A guerra na Ucrânia entrou em uma fase que exige uma mudança na escala com que analisamos o conflito. Um mapa da linha de frente continua sendo indispensável, mas já não é suficiente. Enquanto a Rússia mantém a pressão sobre Donetsk, Zaporizhzhia, Kharkov e Dnipropetrovsk, a Ucrânia intensifica seus ataques cada vez mais profundamente em território russo; as indústrias ocidentais aceleram a integração de drones, inteligência artificial, robótica e software; e a Rússia e a China aprofundam corredores econômicos que se estendem até o Ártico. A guerra continua sendo travada nas trincheiras, mas suas ferramentas e efeitos vão muito além delas.

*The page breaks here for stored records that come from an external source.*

(* Under the standing assumptions, for every $R>0$ there is $C(R)$ such that $|\nabla_vF(v,E)|\le C(R)\,\dfrac{M(v)}{1+|v|}$ for all $v\in\mathbb R^d$ and all $|E|\le R$.
   Context: Standing assumptions: $d\ge1$, $\alpha\in[1,2)$. $M:\mathbb R^d\to(0,\infty)$ satisfies $M(v)=M(-v)$, $\int M\,dv=1$, $|v|^{d+\alpha}M(v)\to\gamma>0$ as $|v|\to\infty$, $|\nabla_vM(v)|\le CM(v)/(1+|v|)$ and $|D_v^2M(v)|\le CM(v)$. The cross section $\sigma:\mathbb R^d\times\mathbb R^d\to\mathbb R$ satisfies $\sigma(v,v')=\sigma(v',v)$, $\nu_1\le\sigma\le\nu_2$ for constants $0<\nu_1\le\nu_2$, $|\nabla_v\sigma(v',v)|\le C/(1+|v|)$, and $|\sigma(v,v')-\nu_0|\le C/(1+|v|)$ for all $v,v'$, for some constant $\nu_0$. The collision frequency $\nu(v):=\int\sigma(v',v)M(v')\,dv'$ is assumed even. The linear Boltzmann operator is $Q(f)(v)=\int[\sigma(v,v')M(v)f(v')-\sigma(v',v)M(v')f(v)]\,dv'$. For a positive weight $w$, $L^2_{w^{-1}}$ denotes the $L^2$ space with norm $(\int|f|^2/w)^{1/2}$. For $E\in\mathbb R^d$, $F(\cdot,E)$ denotes the unique positive solution in $L^2_{M^{-1}}(\mathbb R^d)$ of $E\cdot\nabla_vF-Q(F)=0$, $\int F\,dv=1$. *)

theory Defs
  imports "HOL-Analysis.Analysis"
begin

definition grad :: "('a::euclidean_space \<Rightarrow> real) \<Rightarrow> 'a \<Rightarrow> 'a" where
  "grad f v = (\<Sum>b\<in>Basis. frechet_derivative f (at v) b *\<^sub>R b)"

definition Qop :: "('a::euclidean_space \<Rightarrow> 'a \<Rightarrow> real) \<Rightarrow> ('a \<Rightarrow> real) \<Rightarrow> ('a \<Rightarrow> real) \<Rightarrow> 'a \<Rightarrow> real" where
  "Qop \<sigma> M f v = (LINT v'|lborel. \<sigma> v v' * M v * f v' - \<sigma> v' v * M v' * f v)"

text \<open>f is a positive solution in L^2_{M^{-1}} of  E . grad f - Q(f) = 0  with total mass 1
  (equation understood pointwise for differentiable f).\<close>
definition stationary_solution ::
  "('a::euclidean_space \<Rightarrow> 'a \<Rightarrow> real) \<Rightarrow> ('a \<Rightarrow> real) \<Rightarrow> 'a \<Rightarrow> ('a \<Rightarrow> real) \<Rightarrow> bool" where
  "stationary_solution \<sigma> M E f \<longleftrightarrow>
     (\<forall>v. f v > 0) \<and> f \<in> borel_measurable lborel \<and>
     integrable lborel (\<lambda>v. (f v)\<^sup>2 / M v) \<and>
     integrable lborel f \<and> (LINT v|lborel. f v) = 1 \<and>
     (\<forall>v. f differentiable (at v)) \<and>
     (\<forall>v. E \<bullet> grad f v - Qop \<sigma> M f v = 0)"

end

theory Submission
  imports Defs
begin

text \<open>Write \<open>K f x = \<integral> \<sigma>(v', x) f(v') dv'\<close> and \<open>\<nu> = K M\<close>. Along the characteristic
  \<open>s \<mapsto> v - s E\<close> the equation \<open>E \<cdot> \<nabla>F = M K F - \<nu> F\<close> is a linear ODE, and Duhamel's formula
  gives \<open>F v = \<integral>\<^sub>0\<^sup>T exp(-A s) (M K F)(v - s E) ds + exp(-A T) F(v - T E)\<close> with
  \<open>A s = \<integral>\<^sub>0\<^sup>s \<nu>(v - r E) dr \<ge> \<nu>\<^sub>1 s\<close>. The remainder is non-negative and, by translation
  invariance of Lebesgue measure, has integral at most \<open>exp(-\<nu>\<^sub>1 T)\<close>, so \<open>F\<close> is the limit of
  the Duhamel integrals. Each integrand is Lipschitz in \<open>v\<close> with local constant
  \<open>O(exp(-\<nu>\<^sub>1 s) (1 + s)\<^sup>k\<^sup>+\<^sup>2 M v / (1 + |v|))\<close>: this combines \<open>|\<nabla>\<sigma>| = O(1/(1 + |v|))\<close>,
  \<open>|\<nabla>M| = O(M/(1 + |v|))\<close> and the comparison \<open>M(v - s E) = O((1 + s |E|)\<^sup>k M v)\<close>, a consequence
  of the power tail of \<open>M\<close>. Integrating in \<open>s\<close> bounds the increments of \<open>F\<close>, hence its gradient.\<close>

lemma frechet_derivative_eq_grad:
  fixes f :: "'a::euclidean_space \<Rightarrow> real"
  assumes "f differentiable (at x)"
  shows "frechet_derivative f (at x) h = grad f x \<bullet> h"
proof -
  have "bounded_linear (frechet_derivative f (at x))"
    using assms frechet_derivative_works has_derivative_bounded_linear by blast
  then interpret linear "frechet_derivative f (at x)" by (simp add: bounded_linear.linear)
  have "frechet_derivative f (at x) h = frechet_derivative f (at x) (\<Sum>b\<in>Basis. (h \<bullet> b) *\<^sub>R b)"
    by (simp add: euclidean_representation)
  also have "\<dots> = (\<Sum>b\<in>Basis. (h \<bullet> b) * frechet_derivative f (at x) b)"
    by (simp add: sum scale)
  also have "\<dots> = grad f x \<bullet> h"
    unfolding grad_def inner_sum_left by (auto intro!: sum.cong simp: inner_commute)
  finally show ?thesis .
qed

lemma has_derivative_grad:
  fixes f :: "'a::euclidean_space \<Rightarrow> real"
  assumes "f differentiable (at x)"
  shows "(f has_derivative (\<lambda>h. grad f x \<bullet> h)) (at x)"
proof -
  have "frechet_derivative f (at x) = (\<lambda>h. grad f x \<bullet> h)"
    using frechet_derivative_eq_grad[OF assms] by auto
  then show ?thesis using assms frechet_derivative_works by metis
qed

lemma has_real_derivative_grad_line:
  fixes f :: "'a::euclidean_space \<Rightarrow> real"
  assumes "f differentiable (at (v + t *\<^sub>R u))"
  shows "((\<lambda>t. f (v + t *\<^sub>R u)) has_real_derivative grad f (v + t *\<^sub>R u) \<bullet> u) (at t)"
proof -
  have "((\<lambda>t. v + t *\<^sub>R u) has_derivative (\<lambda>h. h *\<^sub>R u)) (at t)"
    by (auto intro!: derivative_eq_intros)
  from has_derivative_compose[OF this has_derivative_grad[OF assms]]
  have "((\<lambda>t. f (v + t *\<^sub>R u)) has_derivative (\<lambda>h. h * (grad f (v + t *\<^sub>R u) \<bullet> u))) (at t)"
    by simp
  moreover have "(\<lambda>h. h * (grad f (v + t *\<^sub>R u) \<bullet> u)) = (*) (grad f (v + t *\<^sub>R u) \<bullet> u)"
    by (auto simp: fun_eq_iff)
  ultimately show ?thesis by (simp add: has_field_derivative_def)
qed

lemma abs_diff_le_of_norm_grad_le:
  fixes f :: "'a::euclidean_space \<Rightarrow> real"
  assumes "convex S" "\<And>z. z \<in> S \<Longrightarrow> f differentiable (at z)"
    and "\<And>z. z \<in> S \<Longrightarrow> norm (grad f z) \<le> B" "x \<in> S" "y \<in> S"
  shows "\<bar>f x - f y\<bar> \<le> B * norm (x - y)"
proof -
  have "norm (f x - f y) \<le> B * norm (x - y)"
  proof (rule differentiable_bound[OF assms(1) _ _ assms(4,5)])
    fix z assume z: "z \<in> S"
    show "(f has_derivative (\<lambda>h. grad f z \<bullet> h)) (at z within S)"
      using has_derivative_grad[OF assms(2)[OF z]] has_derivative_at_withinI by blast
    show "onorm (\<lambda>h. grad f z \<bullet> h) \<le> B"
      by (rule onorm_le) (metis Cauchy_Schwarz_ineq2 assms(3) mult_right_mono norm_ge_zero order_trans real_norm_def z)
  qed
  then show ?thesis by simp
qed

text \<open>A one-sided bound on the increments suffices, because the derivative in the
  direction of the gradient is its norm.\<close>
lemma norm_grad_le_of_increment_le:
  fixes f :: "'a::euclidean_space \<Rightarrow> real"
  assumes "f differentiable (at v)" "0 < \<delta>" "0 \<le> L"
    and incr: "\<And>w. norm (w - v) < \<delta> \<Longrightarrow> f w - f v \<le> L * norm (w - v)"
  shows "norm (grad f v) \<le> L"
proof (cases "grad f v = 0")
  case True
  then show ?thesis using assms(3) by simp
next
  case False
  define u where "u = grad f v /\<^sub>R norm (grad f v)"
  have norm_u: "norm u = 1" using False by (simp add: u_def)
  have "grad f v \<bullet> u = norm (grad f v)"
    using False by (simp add: u_def power2_norm_eq_inner[symmetric] power2_eq_square)
  then have "((\<lambda>t. f (v + t *\<^sub>R u)) has_real_derivative norm (grad f v)) (at 0 within {0<..})"
    using has_real_derivative_grad_line[of f v 0 u] assms(1)
    by (auto intro: has_field_derivative_at_within)
  then have lim: "((\<lambda>t. (f (v + t *\<^sub>R u) - f v) / t) \<longlongrightarrow> norm (grad f v)) (at_right 0)"
    by (simp add: has_field_derivative_iff)
  have "\<forall>\<^sub>F t in at_right 0. (f (v + t *\<^sub>R u) - f v) / t \<le> L"
    unfolding eventually_at_right_field
  proof (intro exI[of _ \<delta>] conjI allI impI)
    fix t :: real assume "0 < t" "t < \<delta>"
    then have "f (v + t *\<^sub>R u) - f v \<le> L * t" using incr[of "v + t *\<^sub>R u"] norm_u by simp
    then show "(f (v + t *\<^sub>R u) - f v) / t \<le> L" using \<open>0 < t\<close> by (simp add: divide_le_eq)
  qed (use assms(2) in simp)
  then show ?thesis by (rule tendsto_le[OF _ tendsto_const lim, rotated]) simp
qed

lemma isCont_of_local_lipschitz:
  fixes g :: "'a::real_normed_vector \<Rightarrow> real"
  assumes "0 < \<delta>" "\<And>y. norm (y - x) < \<delta> \<Longrightarrow> \<bar>g y - g x\<bar> \<le> L * norm (y - x)"
  shows "isCont g x"
proof -
  have "((\<lambda>y. g y - g x) \<longlongrightarrow> 0) (at x)"
  proof (rule Lim_null_comparison)
    show "\<forall>\<^sub>F y in at x. norm (g y - g x) \<le> L * norm (y - x)"
      unfolding eventually_at using assms by (auto simp: dist_norm)
    show "((\<lambda>y. L * norm (y - x)) \<longlongrightarrow> 0) (at x)"
      by (intro tendsto_eq_intros) auto
  qed
  then show ?thesis by (simp add: isCont_def LIM_zero_iff)
qed

lemma continuous_nonneg_integral_eq_0_imp_eq_0:
  fixes f :: "'a::euclidean_space \<Rightarrow> real"
  assumes "continuous_on UNIV f" "\<And>x. 0 \<le> f x"
    and "integrable lborel f" "(LINT x|lborel. f x) = 0"
  shows "f x = 0"
proof -
  have "AE x in lborel. f x = 0"
    using integral_nonneg_eq_0_iff_AE[OF assms(3)] assms(2,4) by auto
  then have ae: "AE x \<in> UNIV in lebesgue. x \<in> {x. f x = 0}"
    by (intro AE_completion) auto
  have "closed {x. f x = 0}"
    using assms(1) by (intro closed_Collect_eq continuous_intros) auto
  then show ?thesis using mem_closed_if_AE_lebesgue_open[OF open_UNIV _ ae] by auto
qed

lemma lborel_integral_translate:
  fixes f :: "'a::euclidean_space \<Rightarrow> real"
  assumes "integrable lborel f"
  shows "integrable lborel (\<lambda>v. f (v - a))" "(LINT v|lborel. f (v - a)) = (LINT v|lborel. f v)"
proof -
  have g: "(+) (- a) \<in> measurable lborel borel" by simp
  have f: "f \<in> borel_measurable borel" using borel_measurable_integrable[OF assms] by simp
  have "integrable (distr lborel borel ((+) (- a))) f" using assms by (simp add: lborel_distr_plus)
  then show "integrable lborel (\<lambda>v. f (v - a))"
    using integrable_distr_eq[OF g f] by (simp add: add.commute)
  have "(LINT v|lborel. f (- a + v)) = integral\<^sup>L (distr lborel borel ((+) (- a))) f"
    using integral_distr[OF g f] by simp
  then show "(LINT v|lborel. f (v - a)) = (LINT v|lborel. f v)"
    by (simp add: lborel_distr_plus add.commute)
qed

lemma one_plus_norm_le_mult:
  fixes x z :: "'a::real_normed_vector"
  shows "1 + norm x \<le> (1 + norm z) * (1 + norm (x - z))"
proof -
  have "norm x \<le> norm z + norm (x - z)" using norm_triangle_ineq[of z "x - z"] by simp
  moreover have "(1 + norm z) * (1 + norm (x - z)) = 1 + norm z + norm (x - z) + norm z * norm (x - z)"
    by (simp add: algebra_simps)
  moreover have "0 \<le> norm z * norm (x - z)" by simp
  ultimately show ?thesis by linarith
qed

lemma one_plus_norm_le_double:
  fixes x z :: "'a::real_normed_vector"
  assumes "norm (z - x) \<le> 1/2"
  shows "1 + norm x \<le> 2 * (1 + norm z)"
proof -
  have "1 + norm x \<le> (1 + norm z) * (1 + norm (z - x))"
    using one_plus_norm_le_mult[of x z] by (simp add: norm_minus_commute)
  also have "\<dots> \<le> (1 + norm z) * 2"
    using assms by (intro mult_left_mono) auto
  finally show ?thesis by simp
qed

Relatórios divulgados pelo Ministério da Defesa da Rússia descrevem uma pressão distribuída por uma frente extraordinariamente vasta – estendendo-se de Sumy e Kharkov até Kherson, e abrangendo Sloviansk, Kramatorsk, Donetsk, Dnipropetrovsk e Zaporizhzhia. Nos últimos dias, Moscou reivindicou a tomada de novas localidades, incluindo Vodyanske. Como ocorre com qualquer relatório de uma parte beligerante, os números relativos a baixas e ganhos territoriais devem ser tratados com cautela. No entanto, esses comunicados revelam a natureza da campanha: pressão cumulativa, uso intensivo de drones, guerra eletrônica, fogo de contrabateria e ataques à infraestrutura de apoio ao Exército ucraniano.

Lentidão e Estagnação

Não estamos testemunhando um grande avanço operacional clássico (como observamos diversas vezes). A guerra progride por meio de infiltrações de infantaria em pequena escala, envolvendo grupos de três ou quatro soldados, da tomada de posições e do acúmulo de vantagens locais. Contudo, seria um erro confundir lentidão com estagnação. A Rússia tenta forçar a Ucrânia a dispersar seu efetivo, munições, defesas aéreas e reservas ao longo de uma frente de mais de mil quilômetros, visando que a soma de pequenos sucessos táticos resulte, eventualmente, em um efeito operacional significativo.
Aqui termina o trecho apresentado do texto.